=== Begin Enclosure ===

(* Let $f$ be a $C^1$ diffeomorphism of $M=\mathbb{R}^d/\mathbb{Z}^d$ and let $x\in M$ be regularly hyperbolic with coefficient $0<\lambda<1$. Then for all positive integers $n,m$ with $n>1/\log(1/\lambda)$ and $n>m$, there is a continuous linear operator $\Upsilon:X_n\to X_m$ with $\Upsilon(\Gamma_{o(x)}\eta)=\eta$ and $\Gamma_{o(x)}(\Upsilon\eta)=\eta$ for all $\eta\in X_n$.
   Context: Tangent spaces identified with $\mathbb{R}^d$, $|\cdot|$ Euclidean norm. $o(x)=(f^k(x))_{k}$, $(\Gamma_{\mathbf{x}}\eta)_k=\eta_k-Df(x_{k-1})\eta_{k-1}$; $\|\eta\|_n=\sup_k e^{-|k|/n}|\eta_k|$, $X_n=\{\|\eta\|_n<\infty\}$. A point $x$ is regularly hyperbolic (with coefficient $\lambda\in(0,1)$) if, with $x_k=f^k(x)$, there is a splitting $T_{x_k}M=E^s(x_k)\oplus E^u(x_k)$ with $Df(x_k)E^{s}(x_k)=E^{s}(x_{k+1})$, $Df(x_k)E^{u}(x_k)=E^{u}(x_{k+1})$, and for each sufficiently small $\varepsilon>0$ a constant $c(x,\varepsilon)$ such that for all $k\in\mathbb{Z}$, $j>0$: $|Df^j(x_k)\eta|\le c(x,\varepsilon)\lambda^je^{\varepsilon|k|}|\eta|$ for $\eta\in E^s(x_k)$, $|Df^{-j}(x_k)\eta|\le c(x,\varepsilon)\lambda^je^{\varepsilon|k|}|\eta|$ for $\eta\in E^u(x_k)$, and if $\eta=\eta^s+\eta^u$ is the splitting of $\eta\in T_{x_k}M$ then $|\eta^s|,|\eta^u|\le c(x,\varepsilon)e^{\varepsilon|k|}|\eta|$. *)

theory Defs
  imports "HOL-Analysis.Analysis"
begin

text \<open>The torus M = R^d / Z^d is represented through lifts: a C^1 diffeomorphism f of M
  is given by a C^1 diffeomorphism F of R^d (with C^1 inverse G) such that F and G
  commute with the integer lattice modulo Z^d. Tangent spaces are identified with R^d.\<close>

definition int_lattice :: "(real^'n) set" where
  "int_lattice = {z. \<forall>i. z $ i \<in> \<int>}"

definition torus_C1_diffeo ::
  "(real^'n \<Rightarrow> real^'n) \<Rightarrow> (real^'n \<Rightarrow> real^'n)
   \<Rightarrow> (real^'n \<Rightarrow> (real^'n) \<Rightarrow>\<^sub>L (real^'n)) \<Rightarrow> (real^'n \<Rightarrow> (real^'n) \<Rightarrow>\<^sub>L (real^'n)) \<Rightarrow> bool" where
  "torus_C1_diffeo F G DF DG \<longleftrightarrow>
     (\<forall>x. G (F x) = x) \<and> (\<forall>y. F (G y) = y) \<and>
     (\<forall>x. (F has_derivative blinfun_apply (DF x)) (at x)) \<and> continuous_on UNIV DF \<and>
     (\<forall>x. (G has_derivative blinfun_apply (DG x)) (at x)) \<and> continuous_on UNIV DG \<and>
     (\<forall>x z. z \<in> int_lattice \<longrightarrow> F (x + z) - F x \<in> int_lattice) \<and>
     (\<forall>x z. z \<in> int_lattice \<longrightarrow> G (x + z) - G x \<in> int_lattice)"

definition orb :: "('a \<Rightarrow> 'a) \<Rightarrow> ('a \<Rightarrow> 'a) \<Rightarrow> 'a \<Rightarrow> int \<Rightarrow> 'a" where
  "orb F G x k = (if 0 \<le> k then (F ^^ nat k) x else (G ^^ nat (- k)) x)"

text \<open>Df^j(x_k) (chain rule: product of Df along the orbit) and Df^{-j}(x_k).\<close>
fun Dfwd :: "('a \<Rightarrow> 'a) \<Rightarrow> ('a \<Rightarrow> 'a) \<Rightarrow> ('a \<Rightarrow> 'b \<Rightarrow>\<^sub>L 'b) \<Rightarrow> 'a \<Rightarrow> int \<Rightarrow> nat
     \<Rightarrow> 'b \<Rightarrow> 'b::real_normed_vector" where
  "Dfwd F G DF x k 0 = id"
| "Dfwd F G DF x k (Suc j) = blinfun_apply (DF (orb F G x (k + int j))) \<circ> Dfwd F G DF x k j"

fun Dbwd :: "('a \<Rightarrow> 'a) \<Rightarrow> ('a \<Rightarrow> 'a) \<Rightarrow> ('a \<Rightarrow> 'b \<Rightarrow>\<^sub>L 'b) \<Rightarrow> 'a \<Rightarrow> int \<Rightarrow> nat
     \<Rightarrow> 'b \<Rightarrow> 'b::real_normed_vector" where
  "Dbwd F G DG x k 0 = id"
| "Dbwd F G DG x k (Suc j) = blinfun_apply (DG (orb F G x (k - int j))) \<circ> Dbwd F G DG x k j"

definition regularly_hyperbolic ::
  "(real^'n \<Rightarrow> real^'n) \<Rightarrow> (real^'n \<Rightarrow> real^'n)
   \<Rightarrow> (real^'n \<Rightarrow> (real^'n) \<Rightarrow>\<^sub>L (real^'n)) \<Rightarrow> (real^'n \<Rightarrow> (real^'n) \<Rightarrow>\<^sub>L (real^'n))
   \<Rightarrow> real \<Rightarrow> real^'n \<Rightarrow> bool" where
  "regularly_hyperbolic F G DF DG lam x \<longleftrightarrow> 0 < lam \<and> lam < 1 \<and>
    (\<exists>Es Eu :: int \<Rightarrow> (real^'n) set.
       (\<forall>k. subspace (Es k) \<and> subspace (Eu k) \<and> Es k \<inter> Eu k = {0} \<and>
            {a + b | a b. a \<in> Es k \<and> b \<in> Eu k} = UNIV) \<and>
       (\<forall>k. blinfun_apply (DF (orb F G x k)) ` Es k = Es (k + 1)) \<and>
       (\<forall>k. blinfun_apply (DF (orb F G x k)) ` Eu k = Eu (k + 1)) \<and>
       (\<exists>\<epsilon>0>0. \<forall>\<epsilon>. 0 < \<epsilon> \<and> \<epsilon> < \<epsilon>0 \<longrightarrow> (\<exists>c. \<forall>k::int.
          (\<forall>j>0. \<forall>\<eta>\<in>Es k. norm (Dfwd F G DF x k j \<eta>) \<le> c * lam ^ j * exp (\<epsilon> * \<bar>real_of_int k\<bar>) * norm \<eta>) \<and>
          (\<forall>j>0. \<forall>\<eta>\<in>Eu k. norm (Dbwd F G DG x k j \<eta>) \<le> c * lam ^ j * exp (\<epsilon> * \<bar>real_of_int k\<bar>) * norm \<eta>) \<and>
          (\<forall>\<eta> \<eta>s \<eta>u. \<eta>s \<in> Es k \<longrightarrow> \<eta>u \<in> Eu k \<longrightarrow> \<eta> = \<eta>s + \<eta>u \<longrightarrow>
              norm \<eta>s \<le> c * exp (\<epsilon> * \<bar>real_of_int k\<bar>) * norm \<eta> \<and>
              norm \<eta>u \<le> c * exp (\<epsilon> * \<bar>real_of_int k\<bar>) * norm \<eta>))))"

=== End Enclosure ===

● **Exercise**
From the records above, print exactly the lines that run from the line with "F G DF x k 0" to the line with "F G DG x k 0", inclusive.

● **Answer to the problem**
  "Dfwd F G DF x k 0 = id"
| "Dfwd F G DF x k (Suc j) = blinfun_apply (DF (orb F G x (k + int j))) \<circ> Dfwd F G DF x k j"

fun Dbwd :: "('a \<Rightarrow> 'a) \<Rightarrow> ('a \<Rightarrow> 'a) \<Rightarrow> ('a \<Rightarrow> 'b \<Rightarrow>\<^sub>L 'b) \<Rightarrow> 'a \<Rightarrow> int \<Rightarrow> nat
     \<Rightarrow> 'b \<Rightarrow> 'b::real_normed_vector" where
  "Dbwd F G DG x k 0 = id"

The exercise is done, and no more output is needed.